When I started writing Lessons In Electric Circuits, my intent was to create a textbook
suitable for introductory college use. However, being mostly self-taught in electronics myself,
I knew the value of a good textbook to hobbyists and experimenters not enrolled in any formal
electronics course. Many people selflessly volunteered their time and expertise in helping me
learn electronics when I was younger, and my intent is to honor their service and love by giving
back to the world what they gave to me.
In order for someone to teach themselves a science such as electronics, they must engage in
hands-on experimentation. Knowledge gleaned from books alone has limited use, especially in
scientific endeavors. If my contribution to society is to be complete, I must include a guide to
experimentation along with the text(s) on theory, so that the individual learning on their own
has a resource to guide their experimental adventures.
Setting up a home lab
In order to build the circuits described in this volume, you will need a small work area, as
well as a few tools and critical supplies. This section describes the setup of a home electronics
laboratory.
Work area
A work area should consist of a large workbench, desk, or table (preferably wooden) for performing
circuit assembly, with household electrical power (120 volts AC) readily accessible to
power soldering equipment, power supplies, and any test equipment. Inexpensive desks intended
for computer use function very well for this purpose. Avoid a metal-surface desk, as the
electrical conductivity of a metal surface creates both a shock hazard and the very distinct possibility
of unintentional ”short circuits” developing from circuit components touching the metal
tabletop. Vinyl and plastic bench surfaces are to be avoided for their ability to generate and
store large static-electric charges, which may damage sensitive electronic components. Also,
these materials melt easily when exposed to hot soldering irons and molten solder droplets.

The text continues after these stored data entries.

lemma sym_tensor3_factor_first_slot:
  assumes "sym_tensor3 f" and "bil t t = 1" and f_eq: "\<And>i j k. f i j k = t i * c j k"
  shows "f = (\<lambda>i j k. (\<Sum>i'\<in>UNIV. \<Sum>j'\<in>UNIV. \<Sum>k'\<in>UNIV. t i' * t j' * t k' * f i' j' k')
                      * tprod3 t t t i j k)"
proof -
  have tt: "(\<Sum>i\<in>UNIV. t i * t i) = 1"
    using assms(2) by (simp add: bil_def)
  have swap: "t i * c j k = t j * c k i" for i j k
    using assms(1) by (simp add: sym_tensor3_def flip: f_eq)
  define d where "d k = (\<Sum>i\<in>UNIV. t i * c k i)" for k
  have c_eq: "c j k = t j * d k" for j k
  proof -
    have "c j k = (\<Sum>i\<in>UNIV. t i * (t i * c j k))"
      by (simp add: sum_distrib_right[symmetric] mult.assoc[symmetric] tt)
    also have "\<dots> = t j * d k"
      by (simp only: swap[of _ j k]) (simp add: d_def sum_distrib_left algebra_simps)
    finally show ?thesis .
  qed
  define \<nu> where "\<nu> = (\<Sum>i\<in>UNIV. t i * d i)"
  have "c j k = t j * t k * \<nu>" for j k
  proof -
    have "c j k = (\<Sum>i\<in>UNIV. t i * (t i * c j k))"
      by (simp add: sum_distrib_right[symmetric] mult.assoc[symmetric] tt)
    also have "\<dots> = (\<Sum>i\<in>UNIV. t i * (t j * (t k * d i)))"
      by (simp only: swap[of _ j k]) (simp only: c_eq)
    also have "\<dots> = t j * t k * \<nu>"
      by (simp add: \<nu>_def sum_distrib_left algebra_simps)
    finally show ?thesis .
  qed
  then have f_cube: "f i j k = \<nu> * t i * t j * t k" for i j k
    by (simp add: f_eq algebra_simps)
  have "(\<Sum>i\<in>UNIV. \<Sum>j\<in>UNIV. \<Sum>k\<in>UNIV. t i * t j * t k * f i j k)
      = \<nu> * (\<Sum>i\<in>UNIV. t i * t i) * (\<Sum>j\<in>UNIV. t j * t j) * (\<Sum>k\<in>UNIV. t k * t k)"
    by (simp add: f_cube sum_distrib_left sum_distrib_right algebra_simps)
  then show ?thesis
    by (simp add: tt fun_eq_iff f_cube tprod3_def mult.assoc)
qed

lemma sym_tensor3_eq_cube_of_orthogonal_row:
  assumes "orthogonal_matrix T" and "sym_tensor3 f"
    and kernel: "\<And>p j k. p \<noteq> q \<Longrightarrow> (\<Sum>i\<in>UNIV. of_real (T$p$i) * f i j k) = 0"
  defines "t \<equiv> \<lambda>i. complex_of_real (T$q$i)"
  shows "f = (\<lambda>i j k. (\<Sum>i'\<in>UNIV. \<Sum>j'\<in>UNIV. \<Sum>k'\<in>UNIV. t i' * t j' * t k' * f i' j' k')
                      * tprod3 t t t i j k)"
proof (rule sym_tensor3_factor_first_slot[OF assms(2)])
  show "bil t t = 1"
    using orthogonal_matrix_row_inner[OF assms(1), of q q]
    by (simp add: bil_def t_def flip: of_real_mult of_real_sum)
  show "f i j k = t i * (\<Sum>i'\<in>UNIV. t i' * f i' j k)" for i j k
    unfolding t_def by (rule orthogonal_matrix_expansion_single[OF assms(1) kernel])
qed
lemma nuW_Cons_left:
  assumes "length ys + 1 = n" "set ys \<subseteq> {-1, 1}"
  shows "nuW n ((-1) # ys) = traps (n - 1) True (map uminus ys)"
proof -
  have n: "0 < n" using assms(1) by simp
  have "side_nap n 0 (-1) = int n - 1" using n by (simp add: side_nap_def zmod_minus1)
  then have "nuW n ((-1) # ys) = runW n (-1) ({0}, {0..<int n} - {int n - 1}, 0, Some (-1), False, 0) ys"
    by (simp add: nuW_def)
  also have "\<dots> = runW n 1 (mirror_state n ({0}, {0..<int n} - {int n - 1}, 0, Some (-1), False, 0)) (map uminus ys)"
    using n assms(2) by (intro runW_mirror) auto
  also have "mirror_state n ({0}, {0..<int n} - {int n - 1}, 0, Some (-1), False, 0)
      = ({0}, {0..<int n} - {side_nap n 0 1}, 0, Some 1, False, 0)"
  proof -
    have "mirror_napkin n (int n - 1) = 0" by (simp add: mirror_napkin_def)
    then have "mirror_napkin n ` ({0..<int n} - {int n - 1}) = {0..<int n} - {0}"
      using inj_on_image_set_diff[OF inj_on_mirror_napkin[of n]] mirror_napkin_image[OF n] n by auto
    then show ?thesis by (simp add: mirror_seat_def side_nap_def)
  qed
  also have "runW n 1 \<dots> (map uminus ys) = nuW n (1 # map uminus ys)" by (simp add: nuW_def)
  also have "\<dots> = traps (n - 1) True (map uminus ys)" using assms by (intro nuW_Cons_right) auto
  finally show ?thesis .
qed

section \<open>Expectation and generating function\<close>

lemma prefs_eq_lists: "prefs L = {xs. set xs \<subseteq> {-1, 1} \<and> length xs = L}"
  by (auto simp: prefs_def)

lemma finite_prefs: "finite (prefs L)"
  by (simp add: prefs_eq_lists finite_lists_length_eq)

lemma card_prefs: "card (prefs L) = 2 ^ L"
  by (simp add: prefs_eq_lists card_lists_length_eq numeral_2_eq_2)

lemma prefs_Suc: "prefs (Suc L) = (#) 1 ` prefs L \<union> (#) (-1) ` prefs L"
  by (auto simp: prefs_def length_Suc_conv)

If you cannot obtain a wooden-surface workbench, you may turn any form of table or desk
into one by laying a piece of plywood on top. If you are reasonably skilled with woodworking
tools, you may construct your own desk using plywood and 2x4 boards.
The work area should be well-lit and comfortable. I have a small radio set up on my own
workbench for listening to music or news as I experiment. My own workbench has a ”power
strip” receptacle and switch assembly mounted to the underside, into which I plug all 120
volt devices. It is convenient to have a single switch for shutting off all power in case of an
accidental short-circuit!
Tools
A few tools are required for basic electronics work. Most of these tools are inexpensive and easy
to obtain. If you desire to keep the cost as low as possible, you might want to search for them
at thrift stores and pawn shops before buying them new. As you can tell from the photographs,
some of my own tools are rather old but function well nonetheless.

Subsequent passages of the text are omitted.